Glutamate transporters located in the brain maintain low synaptic concentrations of the neurotransmitter by coupling its flux to that of sodium and other cations. In the binding pocket of the archeal homologue Glt(Ph), a conserved methionine residue has been implicated in the binding of the benzyl moiety of the nontransportable substrate analogue threo-beta-benzyloxyaspartate.
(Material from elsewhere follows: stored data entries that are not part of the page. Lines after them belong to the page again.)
definition same_line :: "nat \<Rightarrow> (nat \<Rightarrow> quat) \<Rightarrow> (nat \<Rightarrow> quat) \<Rightarrow> bool" where
  "same_line n z w \<longleftrightarrow> (\<exists>c. \<forall>i\<in>{1..n+1}. z i = c * w i)"

definition in_lspan :: "nat \<Rightarrow> (nat \<Rightarrow> quat) \<Rightarrow> (nat \<Rightarrow> quat) \<Rightarrow> (nat \<Rightarrow> quat) \<Rightarrow> bool" where
  "in_lspan n u v z \<longleftrightarrow> (\<exists>a b. \<forall>i\<in>{1..n+1}. z i = a * u i + b * v i)"

text \<open>\<open>u, v\<close> is an orthonormal basis of signature (1,1) of a 2-dimensional
  \<HH>-subspace; the \<HH>-lines of \<open>H\<^sup>n_\<HH>\<close> are exactly the projectivizations of the spans of
  such pairs, and the ideal boundary of that \<HH>-line consists of the null lines in the span.\<close>
definition hline_basis :: "nat \<Rightarrow> (nat \<Rightarrow> quat) \<Rightarrow> (nat \<Rightarrow> quat) \<Rightarrow> bool" where
  "hline_basis n u v \<longleftrightarrow> herm n u u = 1 \<and> herm n v v = - 1 \<and> herm n u v = 0"

definition triple_product :: "nat \<Rightarrow> (nat \<Rightarrow> quat) \<Rightarrow> (nat \<Rightarrow> quat) \<Rightarrow> (nat \<Rightarrow> quat) \<Rightarrow> quat" where
  "triple_product n x1 x2 x3 = herm n x1 x2 * herm n x2 x3 * herm n x3 x1"
(* Let $\alpha\in[0,1)$ and let $$X(\sqrt{t},\alpha)=\{\sqrt{n}\,e^{2\pi i n\alpha}\ :\ n\in\mathbb{N}\}\subset\mathbb{C}.$$ (a) If $\alpha$ is badly approximable and its partial quotients are all bounded by the positive integer $B$, then $X(\sqrt{t},\alpha)$ is $6\sqrt{B}$-relatively dense. (b) If $X(\sqrt{t},\alpha)$ is $r$-relatively dense, then $\alpha$ is badly approximable and all its partial quotients are bounded by $B=\lfloor 96r^2\rfloor$. (c) If $\alpha$ is badly approximable with constant $C$, then $X(\sqrt{t},\alpha)$ is $\sqrt{C}/2$-uniformly discrete. (d) If $X(\sqrt{t},\alpha)$ is $s$-uniformly discrete, then $\alpha$ is badly approximable with constant $C=s^2/53$.
   Context: $\mathbb{C}$ is identified with $\mathbb{R}^2$, and $B(x,r)$ denotes the open disk of radius $r$ centered at $x$. A set $X\subset\mathbb{C}$ is $r$-relatively dense ($r>0$) if $B(x,r)\cap X\ne\emptyset$ for every $x\in\mathbb{C}$. It is $s$-uniformly discrete ($s>0$) if $\mathrm{Card}(B(x,s)\cap X)\le1$ for every $x\in\mathbb{C}$. A real number $\alpha$ is badly approximable with constant $C>0$ if $q|q\alpha-p|\ge C$ for all $(p,q)\in\mathbb{Z}\times\mathbb{N}$. Equivalently, the partial quotients $a_1,a_2,\dots$ of its continued fraction expansion $\alpha=[0;a_1,a_2,\dots]$ are bounded by some positive integer $B$. *)

theory Defs
  imports "HOL-Analysis.Analysis"
begin

definition Xsqrt :: "real \<Rightarrow> complex set" where
  "Xsqrt \<alpha> = {complex_of_real (sqrt (real n)) * exp (2 * of_real pi * \<i> * of_real (real n * \<alpha>)) | n::nat. n \<ge> 1}"

definition rel_dense :: "real \<Rightarrow> complex set \<Rightarrow> bool" where
  "rel_dense r X \<longleftrightarrow> (\<forall>x. ball x r \<inter> X \<noteq> {})"

definition unif_discrete :: "real \<Rightarrow> complex set \<Rightarrow> bool" where
  "unif_discrete s X \<longleftrightarrow> (\<forall>x. finite (ball x s \<inter> X) \<and> card (ball x s \<inter> X) \<le> 1)"

definition badly_approx_const :: "real \<Rightarrow> real \<Rightarrow> bool" where
  "badly_approx_const \<alpha> C \<longleftrightarrow> (\<forall>(p::int) (q::nat). q \<ge> 1 \<longrightarrow> real q * \<bar>real q * \<alpha> - real_of_int p\<bar> \<ge> C)"

definition badly_approx :: "real \<Rightarrow> bool" where
  "badly_approx \<alpha> \<longleftrightarrow> (\<exists>C>0. badly_approx_const \<alpha> C)"
(* Let $d\ge 1$, $k\ge1$ and let $(\vec n)$ be a $d\times k$ matrix of nonnegative integers. If $k\le d$, then for all $0<\epsilon<L$ the modified analytic weight $\widetilde W^{k,(\vec n)}_{\epsilon<L}$ is identically zero as a distribution on $(\mathbb{C}^d)^k$; indeed the form $\left(\frac{\partial}{\partial z^k}\right)^{\vec n^k}K^{an}_\epsilon(z^1,z^k)\prod_{\alpha=1}^{k-1}\left(\frac{\partial}{\partial z^\alpha}\right)^{\vec n^\alpha}P^{an}_{\epsilon<L}(z^\alpha,z^{\alpha+1})$ vanishes identically.
   Context: On $(\mathbb{C}^d)^k$ use coordinates $z^\alpha=(z^\alpha_1,\dots,z^\alpha_d)$ and $d^dz^\alpha=dz^\alpha_1\wedge\cdots\wedge dz^\alpha_d$. Analytic heat kernel: $K^{an}_t(z,w)=(2\pi i t)^{-d}e^{-|z-w|^2/4t}\prod_{i=1}^d(d\bar z_i-d\bar w_i)$ for $t>0$. Analytic propagator: $P^{an}_{\epsilon<L}(z,w)=\int_\epsilon^L dt\,(2\pi i t)^{-d}\sum_{j=1}^d(-1)^{j-1}\frac{\bar z_j-\bar w_j}{4t}e^{-|z-w|^2/4t}\prod_{i\neq j}(d\bar z_i-d\bar w_i)$. Write $\left(\frac{\partial}{\partial z^\alpha}\right)^{\vec n^\alpha}=\prod_{i=1}^d\frac{\partial^{n^\alpha_i}}{\partial (z^\alpha_i)^{n^\alpha_i}}$. The modified analytic weight is the distribution on $\Phi\in\Omega^{0,*}_c((\mathbb{C}^d)^k)$ $$\widetilde W^{k,(\vec n)}_{\epsilon<L}(\Phi)=\int_{(\mathbb{C}^d)^k}\prod_{\alpha=1}^k d^dz^\alpha\,\Phi\,\left(\frac{\partial}{\partial z^k}\right)^{\vec n^k}K^{an}_\epsilon(z^1,z^k)\prod_{\alpha=1}^{k-1}\left(\frac{\partial}{\partial z^\alpha}\right)^{\vec n^\alpha}P^{an}_{\epsilon<L}(z^\alpha,z^{\alpha+1}),$$ integrating the top-degree component. *)

theory Defs
  imports "HOL-Analysis.Analysis"
begin

text \<open>Coordinates on (C^d)^k: a point is a function on index pairs (alpha, i),
  alpha in {1..k}, i in {1..d}; the value at (alpha,i) is the coordinate z^alpha_i.\<close>
type_synonym pt = "nat \<times> nat \<Rightarrow> complex"

text \<open>A (0,*)-form: for each finite set S of index pairs, the coefficient function of
  the basis form dzbar_S = wedge of dzbar_p over p in S, taken in increasing
  lexicographic order of (alpha, i).\<close>
type_synonym form = "(nat \<times> nat) set \<Rightarrow> pt \<Rightarrow> complex"

definition lex_less :: "nat \<times> nat \<Rightarrow> nat \<times> nat \<Rightarrow> bool" where
  "lex_less p q \<longleftrightarrow> fst p < fst q \<or> (fst p = fst q \<and> snd p < snd q)"

text \<open>Number of inversions: dzbar_A wedge dzbar_B = (-1)^(inv_count A B) dzbar_(A union B)
  for disjoint A, B.\<close>
definition inv_count :: "(nat \<times> nat) set \<Rightarrow> (nat \<times> nat) set \<Rightarrow> nat" where
  "inv_count A B = card {(a, b). a \<in> A \<and> b \<in> B \<and> lex_less b a}"

definition wedge :: "form \<Rightarrow> form \<Rightarrow> form" where
  "wedge \<omega> \<eta> S z = (if finite S then
      (\<Sum>A\<in>Pow S. (-1::complex) ^ inv_count A (S - A) * \<omega> A z * \<eta> (S - A) z) else 0)"
lemma closed_walk_back_and_forth:
  assumes X: "is_ugraph X" and u: "u \<in> harcs X"
  shows "closed_walk X 2 (\<lambda>n. if n = 0 then u else inv X u)" (is "closed_walk X 2 ?w")
  unfolding closed_walk_def
proof (intro allI impI)
  fix n :: nat assume "n < 2"
  then consider "n = 0" | "n = 1"
    by linarith
  then show "?w n \<in> harcs X \<and> tgt X (?w n) = src X (?w (Suc n mod 2))"
    by cases (simp_all add: u ugraph_inv_harcs[OF X] ugraph_src_inv[OF X] ugraph_tgt_inv[OF X])
qed

lemma closed_walk_two_loops:
  assumes X: "is_ugraph X" and a: "a \<in> harcs X" and b: "b \<in> harcs X"
    and ab: "src X a = src X b"
  shows "closed_walk X 4
    (\<lambda>n. if n = 0 then a else if n = 1 then inv X a else if n = 2 then b else inv X b)"
    (is "closed_walk X 4 ?w")
  unfolding closed_walk_def
proof (intro allI impI)
  fix n :: nat assume "n < 4"
  then consider "n = 0" | "n = 1" | "n = 2" | "n = 3"
    by linarith
  then show "?w n \<in> harcs X \<and> tgt X (?w n) = src X (?w (Suc n mod 4))"
    by cases (simp_all add: a b ab ugraph_inv_harcs[OF X] ugraph_src_inv[OF X] ugraph_tgt_inv[OF X])
qed

lemma cyc_weak_equiv_bij_harcs:
  assumes X: "is_ugraph X" and Y: "is_ugraph Y" and f: "ugraph_mor X Y f0 f1"
    and we: "cyc_weak_equiv X Y f0 f1"
  shows "bij_betw f1 (harcs X) (harcs Y)"
proof -
  define bf where "bf u = (\<lambda>n::nat. if n = 0 then u else inv X u)" for u
  have post2: "bij_betw (post_comp (cycU 2) f0 f1) (Hom (cycU 2) X) (Hom (cycU 2) Y)"
    using we by (simp add: cyc_weak_equiv_def)
  have "inj_on f1 (harcs X)"
  proof (rule inj_onI)
    fix u u' assume u: "u \<in> harcs X" and u': "u' \<in> harcs X" and "f1 u = f1 u'"
    then have "f1 (bf u n) = f1 (bf u' n)" for n
      by (simp add: bf_def ugraph_mor_inv[OF f])
    then have "bf u 0 = bf u' 0"
      using post2 closed_walk_back_and_forth[OF X] u u'
      by (intro closed_walk_lift_unique[OF X f]) (auto simp: bf_def bij_betw_def)
    then show "u = u'"
      by (simp add: bf_def)
  qed
  moreover have "harcs Y \<subseteq> f1 ` harcs X"
  proof
    fix v assume "v \<in> harcs Y"
    then obtain w where "closed_walk X 2 w" "f1 (w 0) = v"
      using closed_walk_lift[OF Y f _ closed_walk_back_and_forth[OF Y]] post2
      by (metis bij_betw_def zero_less_numeral)
    then show "v \<in> f1 ` harcs X"
      by (auto simp: closed_walk_def)
  qed
  ultimately show ?thesis
    using ugraph_mor_harcs[OF f] by (auto simp: bij_betw_def)
qed

lemma cyc_weak_equiv_inj_nodes:
  assumes X: "is_ugraph X" and Y: "is_ugraph Y" and "connected_ugraph X"
    and f: "ugraph_mor X Y f0 f1" and we: "cyc_weak_equiv X Y f0 f1"
  shows "inj_on f0 (nodes X)"
proof (rule inj_onI, rule ccontr)
  fix x x' assume x: "x \<in> nodes X" and x': "x' \<in> nodes X" and "f0 x = f0 x'" and "x \<noteq> x'"
  obtain u where u: "u \<in> harcs X" "src X u = x"
    using connected_ugraph_harc_from[OF assms(3) X x x' \<open>x \<noteq> x'\<close>] .
  obtain u' where u': "u' \<in> harcs X" "src X u' = x'"
    using connected_ugraph_harc_from[OF assms(3) X x' x] \<open>x \<noteq> x'\<close> by metis
  have "src Y (f1 u) = src Y (f1 u')"
    using ugraph_mor_src[OF f] u u' \<open>f0 x = f0 x'\<close> by metis
  moreover have "post_comp (cycU 4) f0 f1 ` Hom (cycU 4) X = Hom (cycU 4) Y"
    using we by (simp add: cyc_weak_equiv_def bij_betw_def)
  ultimately obtain v where v: "closed_walk X 4 v"
    and fv: "\<And>n. n < 4 \<Longrightarrow> f1 (v n) =
      (if n = 0 then f1 u else if n = 1 then inv Y (f1 u) else if n = 2 then f1 u' else inv Y (f1 u'))"
    using closed_walk_lift[OF Y f _ closed_walk_two_loops[OF Y]] u u' ugraph_mor_harcs[OF f]
    by blast
  have inj1: "inj_on f1 (harcs X)"
    using cyc_weak_equiv_bij_harcs[OF X Y f we] by (simp add: bij_betw_def)
  have vX: "v n \<in> harcs X" if "n < 4" for n
    using v that by (simp add: closed_walk_def)
  have "f1 (v 1) = f1 (inv X u)" "f1 (v 2) = f1 u'"
    using fv[of 1] fv[of 2] ugraph_mor_inv[OF f u(1)] by simp_all
  then have "v 1 = inv X u" "v 2 = u'"
    using inj_onD[OF inj1] vX ugraph_inv_harcs[OF X u(1)] u' by simp_all
  moreover have "tgt X (v 1) = src X (v 2)"
    using v by (simp add: closed_walk_def numeral_2_eq_2)
  ultimately show False
    using u u' \<open>x \<noteq> x'\<close> ugraph_tgt_inv[OF X u(1)] by simp
qed

lemma ugraph_mor_surj_nodes:
  assumes X: "is_ugraph X" and Y: "is_ugraph Y" and "connected_ugraph Y" and "nodes X \<noteq> {}"
    and f: "ugraph_mor X Y f0 f1" and surj1: "f1 ` harcs X = harcs Y"
  shows "f0 ` nodes X = nodes Y"
proof
  show "f0 ` nodes X \<subseteq> nodes Y"
    using ugraph_mor_nodes[OF f] by blast
  show "nodes Y \<subseteq> f0 ` nodes X"
  proof
    fix y assume y: "y \<in> nodes Y"
    obtain x0 where x0: "x0 \<in> nodes X"
      using \<open>nodes X \<noteq> {}\<close> by blast
    show "y \<in> f0 ` nodes X"
    proof (cases "y = f0 x0")
      case False
      then obtain v where "v \<in> harcs Y" "src Y v = y"
        using connected_ugraph_harc_from[OF assms(3) Y y ugraph_mor_nodes[OF f x0]] by metis
      then obtain u where "u \<in> harcs X" "y = f0 (src X u)"
        using surj1 ugraph_mor_src[OF f] by (metis imageE)
      then show ?thesis
        using ugraph_src_nodes[OF X] by blast
    qed (use x0 in blast)
  qed
qed

theorem proposition4p8:
  fixes X :: "('v, 'a) ugraph" and Y :: "('w, 'b) ugraph"
    and f0 :: "'v \<Rightarrow> 'w" and f1 :: "'a \<Rightarrow> 'b"
  assumes "is_ugraph X" and "is_ugraph Y"
    and "finite_ugraph X" and "finite_ugraph Y"
    and "connected_ugraph X" and "connected_ugraph Y"
    and "ugraph_mor X Y f0 f1"
    and "cyc_weak_equiv X Y f0 f1"
  shows "ugraph_iso X Y f0 f1"
proof -
  have harcs: "bij_betw f1 (harcs X) (harcs Y)"
    using cyc_weak_equiv_bij_harcs assms by blast
  have "f0 ` nodes X = nodes Y"
    using ugraph_mor_surj_nodes[of X Y f0 f1] harcs assms
    by (simp add: connected_ugraph_def bij_betw_def)
  moreover have "inj_on f0 (nodes X)"
    using cyc_weak_equiv_inj_nodes assms by blast
  ultimately show ?thesis
    using bij_ugraph_mor_imp_iso harcs assms by (blast intro: bij_betw_imageI)
qed

end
To determine whether the corresponding methionine residue of the neuronal glutamate transporter EAAC1, Met-367, fulfills a similar role, M367L, M367C, and M367S mutants were expressed in HeLa cells and Xenopus laevis oocytes to monitor radioactive transport and transport currents, respectively. The apparent affinity of the Met-367 mutants for D-aspartate and L-glutamate, but not for L-aspartate, was 10-20-fold reduced as compared with wild type. Unlike wild type, the magnitude of I(max) was different for each of the three substrates. D-glutamate, which is also a transportable substrate of EAAC1, did not elicit any detectable response with M367C and M367S but acted as a nontransportable substrate analogue in M367L. In the mutants, substrates inhibited the anion conductance as opposed to the stimulation observed with wild type. Remarkably, the apparent affinity of the blocker D,L-threo-beta-benzyloxyaspartate in the mutants was similar to that of wild type EAAC1. Our results are consistent with the idea that the side chain of Met-367 fulfills a steric role in the positioning of the substrate in the binding pocket in a step subsequent to its initial binding.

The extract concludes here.